It is said that mistakes are always good because we can learn from them- it creates a learning opportunity that will maybe benefit us in the long term... So, please join me in this life lesson... maybe it can also benefit you in the long term...
So after I realized that my puerh stash will pretty much be gone in a year or so. I began to reflect on why I could let this happen in the first place. Well of course, it is a matter of simple addition and subtraction. Simply put just purchase more tongs, tous, brinks, and cakes than one will consume. But in reality, if you are a drinker of aged puerh, it is a lot more complicated than that. You have to either buy puerh with more age on it but usually at a higher price or buy now and store and age the tea yourself. So this really complicates the simple math equation because you might be buying tea now that you will only consume 10 years down the road.
For me there were some very real issues that had to be solved before I just purchased a tong every year. The issues were as follows:
1- Dragging my puerh stash around the world.
I had to stop shipping my puerh stash around the globe with me. I have lived in 11 different places, in 2 different counties, and 2 different Canadian Provinces in 10 years. Do you know how expensive it is to ship, unpack, repack, reship, store, repeat? I understood that after all that shipping my puerh was all of a sudden a lot more pricier per cake. On top of that there are inherent risks to the puerh from shipping and storing it. Also it is really quite annoying and a hassle to do this.
This was a big reason why I tried not to stock up on too much puerh because if you include the time & money spent on this it makes the puerh rather expensive.
My solution was to settle down and purchase a home first then restock my puerh later.
For a variety of different reasons this took a lot longer than I initially thought. It wasn't until Dec 2015 that I accepted the inevitability that Regina, Saskatchewan, Canada is my home and bought.
2- Money and the increasing price of puerh.
Especially between 2009-2015 my funds were not as robust as they once were and are now. Also the prices really started to go through the roof at this time as well. So the combination really turned me off from buying.
My solution was to wait for a time when I would have more expendable cash to spend on puerh.
I think this just finally happened over the last year really!
3- Everyone pressing their own cakes.
I was also turned off and confused buy all the vendors pressing their own cakes in 2008/2009. It required someone spending a lot more time and money ordering samples trying the tea to see what you were actually buying instead of just throwing your money at a factory you could trust. Also there was all of a sudden a surge of information coming out of Yunnan as far as puerh from all these little small villages and less popular mountains that puerh drinkers have never heard of before.

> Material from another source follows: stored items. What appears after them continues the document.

text \<open>
  The n-th generation of a Galton--Watson process is built from offspring variables of earlier
  generations only, so it is independent of the offspring of generation n; hence its mean is
  \<open>\<mu>^n\<close>. On the event \<open>J\<^sub>k \<le> e^{\<gamma> c_n}\<close> at most \<open>e^{\<gamma> c_n}\<close> processes are summed,
  so \<open>E[m(N) Y\<^sub>N] \<le> (N+1) e^{\<gamma> c_n} \<rho>^N\<close>, where \<open>\<rho> = 1\<close> if \<open>c_n = n\<close> (the weight \<open>m\<close>
  cancels the growth) and \<open>\<rho> = max 1 \<mu>\<close> otherwise. Markov's inequality at level
  \<open>e^{(\<gamma>+\<delta>) c_n}\<close> and a union bound over the at most \<open>nT + 1\<close> values of \<open>[nt]\<close> give
  \<open>P(A_n) \<le> (nT+1)^2 \<rho>^{nT} e^{-\<delta> c_n}\<close>, which is summable in both regimes: for \<open>c_n = n\<close>
  because \<open>\<rho> = 1\<close>, and for \<open>c_n/n \<rightarrow> \<infinity>\<close> because \<open>e^{-\<delta> c_n}\<close> beats every exponential in \<open>n\<close>.
  No tail assumption on \<open>J\<close> is needed because the truncation caps the number of summands.
\<close>

lemma (in prob_space) indep_vars_reindex:
  assumes indep: "indep_vars M' X I" and f: "inj_on f J" "f ` J \<subseteq> I"
  shows "indep_vars (\<lambda>j. M' (f j)) (\<lambda>j. X (f j)) J"
proof -
  let ?F = "\<lambda>i. {X i -` A \<inter> space M | A. A \<in> sets (M' i)}"
  have rv: "\<forall>i\<in>I. random_variable (M' i) (X i)" and ind: "indep_sets ?F I"
    using indep unfolding indep_vars_def2 by auto
  have "indep_sets (\<lambda>j. ?F (f j)) J"
  proof (rule indep_setsI)
    fix j assume "j \<in> J"
    then show "?F (f j) \<subseteq> events"
      using rv f by (auto intro: measurable_sets)
  next
    fix A K assume K: "K \<noteq> {}" "K \<subseteq> J" "finite K" and A: "\<forall>j\<in>K. A j \<in> ?F (f j)"
    define A' where "A' = A \<circ> the_inv_into K f"
    have inj: "inj_on f K"
      using f(1) K(2) by (rule inj_on_subset)
    have A'_f: "A' (f j) = A j" if "j \<in> K" for j
      using inj that by (simp add: A'_def the_inv_into_f_f)
    have "\<forall>i\<in>f ` K. A' i \<in> ?F i"
      using A by (simp add: A'_f)
    then have "prob (\<Inter>i\<in>f ` K. A' i) = (\<Prod>i\<in>f ` K. prob (A' i))"
      using K f(2) by (intro indep_setsD[OF ind]) blast+
    then show "prob (\<Inter>j\<in>K. A j) = (\<Prod>j\<in>K. prob (A j))"
      using inj by (simp add: prod.reindex A'_f)
  qed
  then show ?thesis
    using rv f unfolding indep_vars_def2 by auto
qed

lemma (in prob_space) indep_var_nn_integral:
  fixes f g :: "_ \<Rightarrow> ennreal"
  assumes "indep_var N1 X1 N2 X2" "f \<in> borel_measurable N1" "g \<in> borel_measurable N2"
  shows "(\<integral>\<^sup>+\<omega>. f (X1 \<omega>) * g (X2 \<omega>) \<partial>M) = (\<integral>\<^sup>+\<omega>. f (X1 \<omega>) \<partial>M) * (\<integral>\<^sup>+\<omega>. g (X2 \<omega>) \<partial>M)"
proof -
  have "indep_var borel (f \<circ> X1) borel (g \<circ> X2)"
    using assms by (rule indep_var_compose)
  moreover have borel: "(\<lambda>_::bool. borel) = case_bool borel borel"
    by (rule ext) (simp split: bool.split)
  ultimately have "indep_vars (\<lambda>_. borel) (case_bool (f \<circ> X1) (g \<circ> X2)) UNIV"
    unfolding indep_var_def borel by simp
  then have "(\<integral>\<^sup>+\<omega>. (\<Prod>b\<in>UNIV. case_bool (f \<circ> X1) (g \<circ> X2) b \<omega>) \<partial>M)
      = (\<Prod>b\<in>UNIV. \<integral>\<^sup>+\<omega>. case_bool (f \<circ> X1) (g \<circ> X2) b \<omega> \<partial>M)"
    by (rule indep_vars_nn_integral[rotated]) simp_all
  then show ?thesis
    by (simp add: UNIV_bool comp_def mult.commute)
qed

lemma nn_integral_comp_eq_if_distr_eq:
  assumes "distr M N X = distr M N Y" "X \<in> measurable M N" "Y \<in> measurable M N"
    and "f \<in> borel_measurable N"
  shows "(\<integral>\<^sup>+\<omega>. f (X \<omega>) \<partial>M) = (\<integral>\<^sup>+\<omega>. f (Y \<omega>) \<partial>M)"
proof -
  have "(\<integral>\<^sup>+\<omega>. f (X \<omega>) \<partial>M) = (\<integral>\<^sup>+x. f x \<partial>distr M N X)"
    using assms(2,4) by (simp add: nn_integral_distr)
  also have "\<dots> = (\<integral>\<^sup>+x. f x \<partial>distr M N Y)"
    by (simp only: assms(1))
  also have "\<dots> = (\<integral>\<^sup>+\<omega>. f (Y \<omega>) \<partial>M)"
    using assms(3,4) by (simp add: nn_integral_distr)
  finally show ?thesis .
qed

lemma GW_cong:
  "(\<And>m j. m < n \<Longrightarrow> xi m j \<omega> = xi' m j \<omega>') \<Longrightarrow> GW xi n \<omega> = GW xi' n \<omega>'"
  by (induction n) auto

lemma measurable_GW:
  assumes "\<And>n j. xi n j \<in> measurable M (count_space UNIV)"
  shows "GW xi n \<in> measurable M (count_space UNIV)"
proof (induction n)
  case (Suc n)
  have "(\<lambda>\<omega>. (\<lambda>g \<omega>. \<Sum>j<g. xi n j \<omega>) (GW xi n \<omega>) \<omega>) \<in> measurable M (count_space UNIV)"
  proof (rule measurable_compose_countable[OF _ Suc])
    fix g :: nat
    show "(\<lambda>\<omega>. \<Sum>j<g. xi n j \<omega>) \<in> measurable M (count_space UNIV)"
      using assms by measurable
  qed
  then show ?case by simp
qed simp

lemma (in prob_space) indep_var_GW_offspring:
  fixes xi :: "nat \<Rightarrow> nat \<Rightarrow> 'a \<Rightarrow> nat"
  assumes indep: "indep_vars (\<lambda>_. count_space UNIV) (\<lambda>(n, j). xi n j) UNIV"
  shows "indep_var (count_space UNIV) (GW xi n) (count_space UNIV) (xi n j)"
proof -
  define P :: "(nat \<times> nat) set" where "P = {(m, j') | m j'. m < n}"
  define R where "R B \<omega> = restrict (\<lambda>p. (case p of (n, j) \<Rightarrow> xi n j) \<omega>) B" for B \<omega>
  \<comment> \<open>\<open>G\<close> reads the process off the offspring array restricted to \<open>P\<close>.\<close>
  define G where "G x = GW (\<lambda>m j' x. if m < n then x (m, j') else 0) n x" for x :: "nat \<times> nat \<Rightarrow> nat"
  have "indep_var (PiM P (\<lambda>_. count_space UNIV)) (R P) (PiM {(n, j)} (\<lambda>_. count_space UNIV)) (R {(n, j)})"
    unfolding R_def by (rule indep_var_restrict[OF indep]) (auto simp: P_def)
  moreover have "G \<in> measurable (PiM P (\<lambda>_. count_space UNIV)) (count_space UNIV)"
    unfolding G_def
  proof (rule measurable_GW)
    fix m j'
    show "(\<lambda>x. if m < n then x (m, j') else 0) \<in> measurable (PiM P (\<lambda>_. count_space UNIV)) (count_space UNIV)"
      by (cases "m < n") (auto simp: P_def intro: measurable_component_singleton)
  qed
  ultimately have "indep_var (count_space UNIV) (G \<circ> R P) (count_space UNIV) ((\<lambda>x. x (n, j)) \<circ> R {(n, j)})"
    by (rule indep_var_compose) (auto intro: measurable_component_singleton)
  moreover have "G \<circ> R P = GW xi n"
  proof
    fix \<omega>
    show "(G \<circ> R P) \<omega> = GW xi n \<omega>"
      unfolding G_def R_def P_def comp_def by (rule GW_cong) auto
  qed
  moreover have "(\<lambda>x. x (n, j)) \<circ> R {(n, j)} = xi n j"
    by (auto simp: R_def)
  ultimately show ?thesis by simp
qed

lemma of_nat_sum_lessThan_eq_suminf:
  "(of_nat (\<Sum>j<g. a j) :: ennreal) = (\<Sum>j. (if j < g then 1 else 0) * of_nat (a j))"
proof -
  have "(\<Sum>j. (if j < g then 1 else 0) * (of_nat (a j) :: ennreal))
      = (\<Sum>j<g. (if j < g then 1 else 0) * of_nat (a j))"
    by (rule suminf_finite) auto
  then show ?thesis by simp
qed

My solution was to wait until some of these other issues were solved and when I was more serious about buying before getting really indepth with these new pressing, villages, mountains, vendors.
Overall the process was very time consuming but now I am glad I have this experience under my belt. To me it was kind of like drinking puerh in mid 2000s when you had to try the tea to see what was behind those CNNP wrappers that pretty much covered every cake. I am so grateful to all those who sent samples and especially all the group blogger puerh tastings mainly set up by Hobbes of the Half-Dipper. I participated in all of them dispite of everything and it really added to my tea knowledge. Thank you those involved with that.

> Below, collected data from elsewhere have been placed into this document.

lemma crossing_bound_Suc_after_last_clean:
  assumes IH: "crossing_bound n k"
    and sizes: "2 ^ k \<le> mid - lo" "2 ^ k \<le> hi - mid" "hi \<le> n"
    and walk: "adjacent_walk n \<sigma> r b" and y: "y \<notin> {lo..<hi}"
    and upper_clean: "displaced (\<sigma> r) mid hi = {}"
    and upper_dirty: "\<And>t. r < t \<Longrightarrow> t \<le> b \<Longrightarrow> displaced (\<sigma> t) mid hi \<noteq> {}"
    and start: "inv (\<sigma> r) y < mid" and finish: "hi - 1 \<le> inv (\<sigma> b) y"
  obtains t where "r < t" "t \<le> b" "Suc k < card (displaced (\<sigma> t) lo hi)"
proof -
  have "lo < mid" "mid < hi"
    using sizes(1,2) one_le_power[of "2::nat" k] by linarith+
  obtain w where w: "r < w" "w \<le> b" "k < card (displaced (\<sigma> w) mid hi)"
    by (rule crossing_boundD[OF IH sizes(2,3) walk upper_clean start finish])
  obtain t where t: "r < t" "t \<le> b" and halves: "k < card (displaced (\<sigma> t) lo mid) \<or>
    k < card (displaced (\<sigma> t) mid hi) \<and> displaced (\<sigma> t) lo mid \<noteq> {}"
  proof (cases "displaced (\<sigma> w) lo mid = {}")
    case True
    then obtain c where c: "r \<le> c" "c \<le> w" "displaced (\<sigma> c) lo mid = {}"
      and lower_dirty: "\<And>t. r \<le> t \<Longrightarrow> t < c \<Longrightarrow> displaced (\<sigma> t) lo mid \<noteq> {}"
      using least_after[of r w "\<lambda>t. displaced (\<sigma> t) lo mid = {}"] w(1) by auto
    have "c \<le> b"
      using c(2) w(2) by simp
    show ?thesis
      using crossing_bound_Suc_lower_clean[OF IH sizes walk y upper_clean start finish c(1)
          \<open>c \<le> b\<close> c(3) lower_dirty] that by blast
  next
    case False
    then show ?thesis
      using that w by blast
  qed
  then show thesis
    using that card_displaced_halves[OF _ _ upper_dirty[OF t] halves] \<open>lo < mid\<close> \<open>mid < hi\<close>
    by simp
qed

lemma crossing_bound_Suc:
  assumes IH: "crossing_bound n k"
  shows "crossing_bound n (Suc k)"
  unfolding crossing_bound_def
proof (intro allI impI)
  fix \<sigma> lo hi a b y
  assume size: "2 ^ Suc k \<le> hi - lo" and "hi \<le> n" and walk: "adjacent_walk n \<sigma> a b"
    and clean: "displaced (\<sigma> a) lo hi = {}" and start: "inv (\<sigma> a) y < lo"
    and finish: "hi - 1 \<le> inv (\<sigma> b) y"
  define mid where "mid = lo + 2 ^ k"
  have sizes: "2 ^ k \<le> mid - lo" "2 ^ k \<le> hi - mid"
    using size by (auto simp: mid_def)
  have "lo < mid" "mid < hi"
    using sizes one_le_power[of "2::nat" k] by linarith+
  have "a \<le> b"
    using walk by (simp add: adjacent_walk_def)
  have bij: "bij (\<sigma> t)" if "a \<le> t" "t \<le> b" for t
    using adjacent_walk_bij[OF walk that] .
  have y: "y \<notin> {lo..<hi}"
    using inv_in_clean_window_iff[OF bij[OF order.refl \<open>a \<le> b\<close>] clean, of y] start by auto
  have "inv (\<sigma> a) y < hi - 1"
    using start \<open>lo < mid\<close> \<open>mid < hi\<close> by linarith
  then obtain s where s: "a < s" "s \<le> b" "inv (\<sigma> s) y = hi - 1"
    and below: "\<And>t. a \<le> t \<Longrightarrow> t < s \<Longrightarrow> inv (\<sigma> t) y < hi - 1"
    by (rule adjacent_walk_first_reach[OF walk _ finish]) (rule that)
  have "displaced (\<sigma> a) mid hi = {}"
    using clean \<open>lo < mid\<close> by (auto simp: displaced_def)
  then obtain r where r: "a \<le> r" "r \<le> s" "displaced (\<sigma> r) mid hi = {}"
    and upper_dirty: "\<And>t. r < t \<Longrightarrow> t \<le> s \<Longrightarrow> displaced (\<sigma> t) mid hi \<noteq> {}"
    using greatest_before[of a s "\<lambda>t. displaced (\<sigma> t) mid hi = {}"] s(1) by auto
  have "r \<noteq> s"
    using inv_in_clean_window_iff[OF bij[of s] _, of mid hi y] s y r(3) \<open>lo < mid\<close> \<open>mid < hi\<close>
    by auto
  then have "inv (\<sigma> r) y < hi - 1"
    using below r by simp
  moreover have "inv (\<sigma> r) y \<notin> {mid..<hi}"
    using inv_in_clean_window_iff[OF bij r(3), of y] y r s \<open>lo < mid\<close> by auto
  ultimately have start_r: "inv (\<sigma> r) y < mid"
    by auto
  have subwalk: "adjacent_walk n \<sigma> r s"
    using adjacent_walk_subwalk[OF walk r(1,2) s(2)] .
  have finish_s: "hi - 1 \<le> inv (\<sigma> s) y"
    using s(3) by simp
  obtain t where "r < t" "t \<le> s" "Suc k < card (displaced (\<sigma> t) lo hi)"
    by (rule crossing_bound_Suc_after_last_clean[OF IH sizes \<open>hi \<le> n\<close> subwalk y r(3) upper_dirty
          start_r finish_s])
  then show "\<exists>t\<in>{a<..b}. Suc k < card (displaced (\<sigma> t) lo hi)"
    using r s by auto
qed

lemma crossing_bound: "crossing_bound n k"
  by (induction k) (auto intro: crossing_bound_0 crossing_bound_Suc)

lemma swap_levels_eq_permute_list:
  assumes "Suc j < length xs"
  shows "swap_levels j (Suc j) xs = permute_list (transpose j (Suc j)) xs"
  using assms
  by (intro nth_equalityI) (auto simp: swap_levels_def permute_list_def transpose_def nth_list_update)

4- Not being able to buy in real life and being turned off from digging around online.
I guess some of you really love sleuthing around online for the right puerh? Or maybe you just have never had the opportunity to sit in a variety of different tea shops within a close proximity of your home to contrast the online experience? I am fortunate to have first learned about drinking puerh by going to many puerh tea shops and drinking lots of puerh tea next to other people who really love puerh. This experience seems so far removed from learning and buying online.
My solution is a general life theme and probably what got me into this trouble in the first place- PROCRASTINATE until you finally really feel like doing that stuff online or maybe you will move back or visit Asia in the near future.
I think sometime last year a vague thought passed my mind that I kinda need to restock some of this puerh. I didn't look online thoujgh, instead I visited my buddy Pedro's epic O5Tea in Vancouver, BC in Spring of 2016. In conversation I told him that I was looking to restock my puerh. He is selling some very fancy designer puerh called DC there at O5Tea- I bought 2 xiao bings. They were very different than puerh I was used to drinking, not too harsh at all for young Shang puerh. I consumed them quickly within a month or so. Xiao bings are pretty much just samples in my mind- not worth storing.
Since 2014 I have not had a puerh drinking buddy that I can sit down in person with and talk and drink puerh. I hope the online community and this blog will fill this gap a bit- please sit down with me, join in the conversation, and lets have some puerh together over the coming months and years.
5- Finding increasingly less time for tea.
The intensity of my life slowly increased dramatically until the last year. In fact there was one year when I moved homes 3 times, took over another Dr.'s practice on top of my own family practice, moved clinics 3 times, had a child, bought a house and there was 1 death in the family all in one year! 2015 was a very interesting year. Life can be rather intense sometimes. This ultimately lead to the long absence in blogging. But honestly it happened slowly over many years of having more and more constraints on my time and shifting priorities.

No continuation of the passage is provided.